Project running from: 1 October 2003 – 30 September 2007

Hierarchical classes (HICLAS) models constitute a distinct family of classification models for N-way N-mode data that imply a simultaneous clustering of each of the modes in the data. The clusterings are such that each of them reflects a quasi-order between the elements of the corresponding data mode while together they yield reconstructed data that approximate the actual data as good as possible. Up to now, the family of hierarchical classes models has been limited in scope with respect to the range of values allowed in the data (D), and the reconstructed data (M), which can be taken either from the binary set {0, 1} or from a limited) subset of the set of natural numbers.

The expansion to real-valued HICLAS models may be valuable for two reasons. First, in some cases it may be desirable to allow for positive reals in M, even though D is not real-valued. For example, modeling a binary data set with reconstructed data values in [0, 1] naturally allows the reconstructed data to be interpreted as conditional probabilities of observing a 1. Second, in several domains of psychological research, the observed data are not of a categorical type, but rather are values on a continuous scale.

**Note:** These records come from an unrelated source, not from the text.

(* Let $\nabla$ be a connection on an anchored vector bundle $(A,a_A)$ over $M$, let $[x,y]^\nabla=\nabla_xy-\nabla_yx$, and let $R^\nabla(x,y)z=\nabla_x\nabla_yz-\nabla_y\nabla_xz-\nabla_{[x,y]^\nabla}z$. The following are equivalent: (1) for all $x,y\in\Gamma(A)$ the map $z\mapsto R^\nabla(x,y)z$ is $C^\infty(M)$-linear; (2) $(A,[\cdot,\cdot]^\nabla,a_A)$ is a dull algebroid.
   Context: A connection on the anchored bundle $(A,a_A)$ (with $a_A:A\to TM$ a bundle map) is an $\mathbb{R}$-bilinear operator $\nabla:\Gamma(A)\times\Gamma(A)\to\Gamma(A)$ with $\nabla_{fx}y=f\nabla_xy$ and $\nabla_x(fy)=a_A(x)(f)\,y+f\nabla_xy$. A dull algebroid is a triple $(A,[\cdot,\cdot],a_A)$ where $[\cdot,\cdot]$ is a skew-symmetric $\mathbb{R}$-bilinear bracket on $\Gamma(A)$ with $[x,fy]=f[x,y]+a_A(x)(f)y$ and additionally $a_A([x,y])=[a_A(x),a_A(y)]$ for all $x,y\in\Gamma(A)$. *)

theory Defs
  imports "HOL-Analysis.Analysis"
begin

fun dderiv :: "'a list \<Rightarrow> ('a::real_normed_vector \<Rightarrow> 'b::real_normed_vector) \<Rightarrow> 'a \<Rightarrow> 'b" where
  "dderiv [] f = f"
| "dderiv (v # vs) f = (\<lambda>x. frechet_derivative (dderiv vs f) (at x) v)"

definition smooth_on :: "'a::euclidean_space set \<Rightarrow> ('a \<Rightarrow> 'b::real_normed_vector) \<Rightarrow> bool" where
  "smooth_on S f \<longleftrightarrow> open S \<and> (\<forall>vs. \<forall>x\<in>S. dderiv vs f differentiable (at x))"

definition smooth_manifold :: "'M topology \<Rightarrow> ('M set \<times> ('M \<Rightarrow> 'e::euclidean_space)) set \<Rightarrow> bool" where
  "smooth_manifold X Atl \<longleftrightarrow>
     topspace X = UNIV \<and> Hausdorff_space X \<and> second_countable X \<and>
     \<Union> (fst ` Atl) = UNIV \<and>
     (\<forall>(U, \<phi>) \<in> Atl. openin X U \<and> open (\<phi> ` U) \<and>
        homeomorphic_map (subtopology X U) (top_of_set (\<phi> ` U)) \<phi>) \<and>
     (\<forall>(U, \<phi>) \<in> Atl. \<forall>(V, \<psi>) \<in> Atl. smooth_on (\<phi> ` (U \<inter> V)) (\<psi> \<circ> inv_into U \<phi>))"

definition smooth_map_on :: "('M set \<times> ('M \<Rightarrow> 'e::euclidean_space)) set \<Rightarrow> 'M set \<Rightarrow> ('M \<Rightarrow> 'b::real_normed_vector) \<Rightarrow> bool" where
  "smooth_map_on Atl W f \<longleftrightarrow> (\<forall>(U, \<phi>) \<in> Atl. smooth_on (\<phi> ` (U \<inter> W)) (f \<circ> inv_into U \<phi>))"

definition smooth_fun :: "('M set \<times> ('M \<Rightarrow> 'e::euclidean_space)) set \<Rightarrow> ('M \<Rightarrow> real) \<Rightarrow> bool" where
  "smooth_fun Atl f \<longleftrightarrow> smooth_map_on Atl UNIV f"

text \<open>Vector fields, as derivations of C^\<infinity>(M).\<close>
definition vector_field :: "('M set \<times> ('M \<Rightarrow> 'e::euclidean_space)) set \<Rightarrow> (('M \<Rightarrow> real) \<Rightarrow> ('M \<Rightarrow> real)) \<Rightarrow> bool" where
  "vector_field Atl D \<longleftrightarrow>
     (\<forall>f. smooth_fun Atl f \<longrightarrow> smooth_fun Atl (D f)) \<and>
     (\<forall>f g. smooth_fun Atl f \<longrightarrow> smooth_fun Atl g \<longrightarrow> D (\<lambda>p. f p + g p) = (\<lambda>p. D f p + D g p)) \<and>
     (\<forall>c f. smooth_fun Atl f \<longrightarrow> D (\<lambda>p. c * f p) = (\<lambda>p. c * D f p)) \<and>
     (\<forall>f g. smooth_fun Atl f \<longrightarrow> smooth_fun Atl g \<longrightarrow> D (\<lambda>p. f p * g p) = (\<lambda>p. f p * D g p + g p * D f p))"

text \<open>Trivialising cover U indexed by 'i, fibre 'v, transition functions g i j on U i \<inter> U j;
  a local representative s i of a section satisfies s i = g i j (s j) on overlaps.\<close>
definition vector_bundle ::
  "'M topology \<Rightarrow> ('M set \<times> ('M \<Rightarrow> 'e::euclidean_space)) set \<Rightarrow> ('i \<Rightarrow> 'M set) \<Rightarrow>
   ('i \<Rightarrow> 'i \<Rightarrow> 'M \<Rightarrow> ('v::euclidean_space \<Rightarrow>\<^sub>L 'v)) \<Rightarrow> bool" where
  "vector_bundle X Atl U g \<longleftrightarrow>
     smooth_manifold X Atl \<and> (\<forall>i. openin X (U i)) \<and> (\<Union>i. U i) = UNIV \<and>
     (\<forall>i j. smooth_map_on Atl (U i \<inter> U j) (g i j)) \<and>
     (\<forall>i p. p \<in> U i \<longrightarrow> g i i p = id_blinfun) \<and>
     (\<forall>i j k p. p \<in> U i \<inter> U j \<inter> U k \<longrightarrow> g i j p o\<^sub>L g j k p = g i k p)"

text \<open>\<Gamma>(A): smooth sections, as compatible families of local representatives (zero off U i).\<close>
definition sections ::
  "('M set \<times> ('M \<Rightarrow> 'e::euclidean_space)) set \<Rightarrow> ('i \<Rightarrow> 'M set) \<Rightarrow>
   ('i \<Rightarrow> 'i \<Rightarrow> 'M \<Rightarrow> ('v::euclidean_space \<Rightarrow>\<^sub>L 'v)) \<Rightarrow> ('i \<Rightarrow> 'M \<Rightarrow> 'v) set" where
  "sections Atl U g = {s. (\<forall>i p. p \<notin> U i \<longrightarrow> s i p = 0) \<and>
                          (\<forall>i. smooth_map_on Atl (U i) (s i)) \<and>
                          (\<forall>i j p. p \<in> U i \<inter> U j \<longrightarrow> s i p = blinfun_apply (g i j p) (s j p))}"

definition sec_add :: "('i \<Rightarrow> 'M \<Rightarrow> 'v::real_vector) \<Rightarrow> ('i \<Rightarrow> 'M \<Rightarrow> 'v) \<Rightarrow> ('i \<Rightarrow> 'M \<Rightarrow> 'v)" where
  "sec_add s t = (\<lambda>i p. s i p + t i p)"

definition sec_diff :: "('i \<Rightarrow> 'M \<Rightarrow> 'v::real_vector) \<Rightarrow> ('i \<Rightarrow> 'M \<Rightarrow> 'v) \<Rightarrow> ('i \<Rightarrow> 'M \<Rightarrow> 'v)" where
  "sec_diff s t = (\<lambda>i p. s i p - t i p)"

definition sec_smult :: "('M \<Rightarrow> real) \<Rightarrow> ('i \<Rightarrow> 'M \<Rightarrow> 'v::real_vector) \<Rightarrow> ('i \<Rightarrow> 'M \<Rightarrow> 'v)" where
  "sec_smult f s = (\<lambda>i p. f p *\<^sub>R s i p)"

definition sec_scale :: "real \<Rightarrow> ('i \<Rightarrow> 'M \<Rightarrow> 'v::real_vector) \<Rightarrow> ('i \<Rightarrow> 'M \<Rightarrow> 'v)" where
  "sec_scale c s = (\<lambda>i p. c *\<^sub>R s i p)"
(* The atom squaring function $\mathbb A^*\to\mathbb A^*$, which maps $a_1\cdots a_n$ to the concatenation of all two-letter words $a_ia_j$ for $i,j\in\{1,\ldots,n\}$ taken in lexicographic order of $(i,j)$ (i.e. $a_1a_1\,a_1a_2\cdots a_1a_n\,a_2a_1\cdots a_na_n$), is not computed by any pebble transducer with atoms that has at most two pebbles.
   Context: $\mathbb A$ is an infinite set of atoms. A pebble transducer with atoms, with input alphabet $\Sigma+\mathbb A$ and output alphabet $\Gamma+\mathbb A$ ($\Sigma,\Gamma$ finite), is given by a finite set of states $q$, each with a stack height $\dim(q)\in\{0,1,\ldots\}$, MSO universe formulas $\varphi_q(x_1,\ldots,x_{\dim(q)})$, and MSO formulas defining a linear order on configurations; all formulas are over the vocabulary $\{\le\}\cup\{a(x):a\in\Sigma\}$ of the input string (positions carrying atoms satisfy no label predicate). A configuration on input $w$ is a pair $(q,\bar a)$ with $\bar a$ a tuple of positions of length $\dim(q)$ satisfying $\varphi_q$ (the pebble stack; its last entry is the head). Stack discipline: for any two consecutive configurations in the order, one stack is a prefix of the other, or both have equal length and agree except on the last entry. Each state has an output which is a letter of $\Gamma$ or the symbol “atom under the head”, which outputs the atom at the head position if it carries an atom and the empty string otherwise. The output on $w$ is the concatenation of outputs of all configurations in the defined order. The number of pebbles is the maximal stack height. *)

theory Defs
  imports Main "HOL-Library.Sublist"
begin

text \<open>First-order variables and second-order variables are indexed by
natural numbers (two separate name spaces).  Positions carrying atoms satisfy no label
predicate; atoms are otherwise invisible to formulas.\<close>

datatype 's mso =
    Lab 's nat
  | Le nat nat
  | Mem nat nat
  | Neg "'s mso"
  | Conj "'s mso" "'s mso"
  | ExFO nat "'s mso"
  | ExSO nat "'s mso"

fun fvFO :: "'s mso \<Rightarrow> nat set" where
  "fvFO (Lab a x) = {x}"
| "fvFO (Le x y) = {x, y}"
| "fvFO (Mem x X) = {x}"
| "fvFO (Neg f) = fvFO f"
| "fvFO (Conj f g) = fvFO f \<union> fvFO g"
| "fvFO (ExFO x f) = fvFO f - {x}"
| "fvFO (ExSO X f) = fvFO f"

fun fvSO :: "'s mso \<Rightarrow> nat set" where
  "fvSO (Lab a x) = {}"
| "fvSO (Le x y) = {}"
| "fvSO (Mem x X) = {X}"
| "fvSO (Neg f) = fvSO f"
| "fvSO (Conj f g) = fvSO f \<union> fvSO g"
| "fvSO (ExFO x f) = fvSO f"
| "fvSO (ExSO X f) = fvSO f - {X}"
locale infl =
  fixes mult :: "'a::lattice \<Rightarrow> 'a \<Rightarrow> 'a"
    and one :: 'a and nt nm :: "'a \<Rightarrow> 'a"
  assumes InFL: "InFL_algebra mult one nt nm"
begin

lemma mult_assoc: "mult (mult a b) c = mult a (mult b c)"
  and one_mult: "mult one a = a"
  and mult_one: "mult a one = a"
  and residuation_left: "mult a b \<le> c \<longleftrightarrow> a \<le> nm (mult b (nt c))"
  and residuation_right: "mult a b \<le> c \<longleftrightarrow> b \<le> nt (mult (nm c) a)"
  using InFL unfolding InFL_algebra_def by blast+

lemma nm_nt: "nm (nt c) = c"
  using residuation_left[of _ one c] by (metis mult_one one_mult order.refl order.antisym)

lemma nt_nm: "nt (nm c) = c"
  using residuation_right[of one _ c] by (metis mult_one one_mult order.refl order.antisym)

lemma mult_mono_left: "a \<le> a' \<Longrightarrow> mult a b \<le> mult a' b"
  by (metis residuation_left order.refl order.trans)

lemma mult_mono_right: "b \<le> b' \<Longrightarrow> mult a b \<le> mult a b'"
  by (metis residuation_right order.refl order.trans)

lemma nt_antimono: "x \<le> y \<Longrightarrow> nt y \<le> nt x"
proof -
  assume "x \<le> y"
  have key: "mult a b \<le> nt one \<longleftrightarrow> b \<le> nt a" for a b
    using residuation_right[of a b "nt one"] by (simp add: nm_nt one_mult)
  have "mult x (nt y) \<le> mult y (nt y)" using \<open>x \<le> y\<close> by (rule mult_mono_left)
  also have "\<dots> \<le> nt one" by (rule key[THEN iffD2, OF order.refl])
  finally show ?thesis by (rule key[THEN iffD1])
qed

Examples include measures of response times, intensity of brain waves, muscle tensions etc. In order to deal with this type of data properly, it is desirable to approximate them by reconstructed data that take values from the same set.

In this project, we will expand the family of hierarchical classes models to allow for real-valued reconstructed data. More in particular, we will work on the formulation and the mathematical study of new, real-valued HICLAS models for two- and three-way data, and we will construct and evaluate appropriate algorithms for the associated model estimation.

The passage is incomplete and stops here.